1.    The Preaching of the Word
2.    The Administration of the Sacraments
3.    Church Discipline
So for example under this definition (which is not monolithic even in Reformed circles) the Salvation Army would not be a True Church because they have rejected the Sacraments, thus establishing their tradition above the clear commands of Scripture.
Or you could argue the Mainline Churches no longer preach the Word. How can they if they don't believe the Bible to be a book of Divine origin?
Or you could argue the Roman Catholic Church is false because they place tradition over and often against the right preaching of the Word and administration of the Sacraments.
These ideas are all valid, but I wish to reformulate and recast the entire question in terms of Oracle and what that means theologically, with a special emphasis on Covenant implications, and certainly what it means historically in terms of a Christian historiography.
God willing I will someday find the time.






[i] Hegel's influence cannot be understated. His basic ideas, building on Kant have affected many different thinkers and schools of thought.

[ii] While I do think there was a marked difference between Calvin and the later Calvinists, you definitely a minimalist tendency in some of his Commentaries. I think sometimes he's reticent to launch into typology and other topics and in some cases minimizes and hence misses key elements of the textual meaning. This does not necessarily demonstrate a Scholastic tendency (in a general sense), but it could be argued demonstrates an anti-Medieval Scholastic tendency. The Protestant Scholastics re-embraced certain aspects of the Scholastic method without embracing the exhaustive methodology found in something like the Quadriga, which tied in philosophy and tradition.

Their understanding of Scripture militated against that level of fluidity and speculation but their employment of logic pushed them more into the realm of decretal theology and speculation... something not clearly found either in Calvin or Aquinas.

[iii] Cataphatic refers to positive statements concerning the Divine Nature.
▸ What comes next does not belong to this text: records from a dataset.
(* For a positive integer $k>1$ let $G_k=P_{(2k+2)^2} \times P_{(2k+1)^2}$. Then $\dim_{k,f}(G_k)=\Theta(k^2)$ as $k\to\infty$; consequently both $\frac{\dim_{1,f}(G_k)}{\dim_{k,f}(G_k)}$ and $\frac{\dim_{k,f}(G_k)}{\dim_f(G_k)}$ can be arbitrarily large (they are unbounded as $k\to\infty$).
   Context: $P_n$ is the path on $n$ vertices and $\times$ denotes the Cartesian product (grid graph). $d(x,y)$ is the distance in $G$. For a function $g$ on $V(G)$ and $U\subseteq V(G)$, $g(U)=\sum_{s\in U}g(s)$. $R\{x,y\}=\{z: d(x,z)\ne d(y,z)\}$; $g:V(G)\to[0,1]$ is a resolving function if $g(R\{x,y\})\ge1$ for all distinct $x,y$, and $\dim_f(G)$ is the minimum of $g(V(G))$ over resolving functions. For a positive integer $k$, $d_k(x,y)=\min\{d(x,y),k+1\}$, $R_k\{x,y\}=\{z: d_k(x,z)\neq d_k(y,z)\}$; $h:V(G)\to[0,1]$ is a $k$-truncated resolving function if $h(R_k\{x,y\})\ge 1$ for all distinct $x,y$, and $\dim_{k,f}(G)$ is the minimum of $h(V(G))$ over such $h$. $f=\Theta(g)$ means $c_1|g|\le|f|\le c_2|g|$ for some positive constants and all sufficiently large arguments. *)

theory Defs
  imports Complex_Main "HOL-Library.Landau_Symbols"
begin

text \<open>A graph is given by a vertex set V and a symmetric adjacency relation E.\<close>

fun is_walk :: "('a \<Rightarrow> 'a \<Rightarrow> bool) \<Rightarrow> 'a list \<Rightarrow> bool" where
  "is_walk E [] = True"
| "is_walk E [x] = True"
| "is_walk E (x # y # xs) = (E x y \<and> is_walk E (y # xs))"

definition gdist :: "'a set \<Rightarrow> ('a \<Rightarrow> 'a \<Rightarrow> bool) \<Rightarrow> 'a \<Rightarrow> 'a \<Rightarrow> nat" where
  "gdist V E x y = (LEAST n. \<exists>xs. length xs = Suc n \<and> hd xs = x \<and> last xs = y
                                  \<and> set xs \<subseteq> V \<and> is_walk E xs)"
Apophatic refers to negative statements. Cataphatic declares what God is, while Apophatic says sometimes we can better describe God by saying what He is not, or it can be language which is less precise about what it positively says in order to not place limits on God. Apophatic language will tend to be much more broad and less rigid. It's tendency will be anti-speculative and less sure about what it can positively say. Apophatic thought will by necessity be unable to move away from its authority-source, in this case Scripture.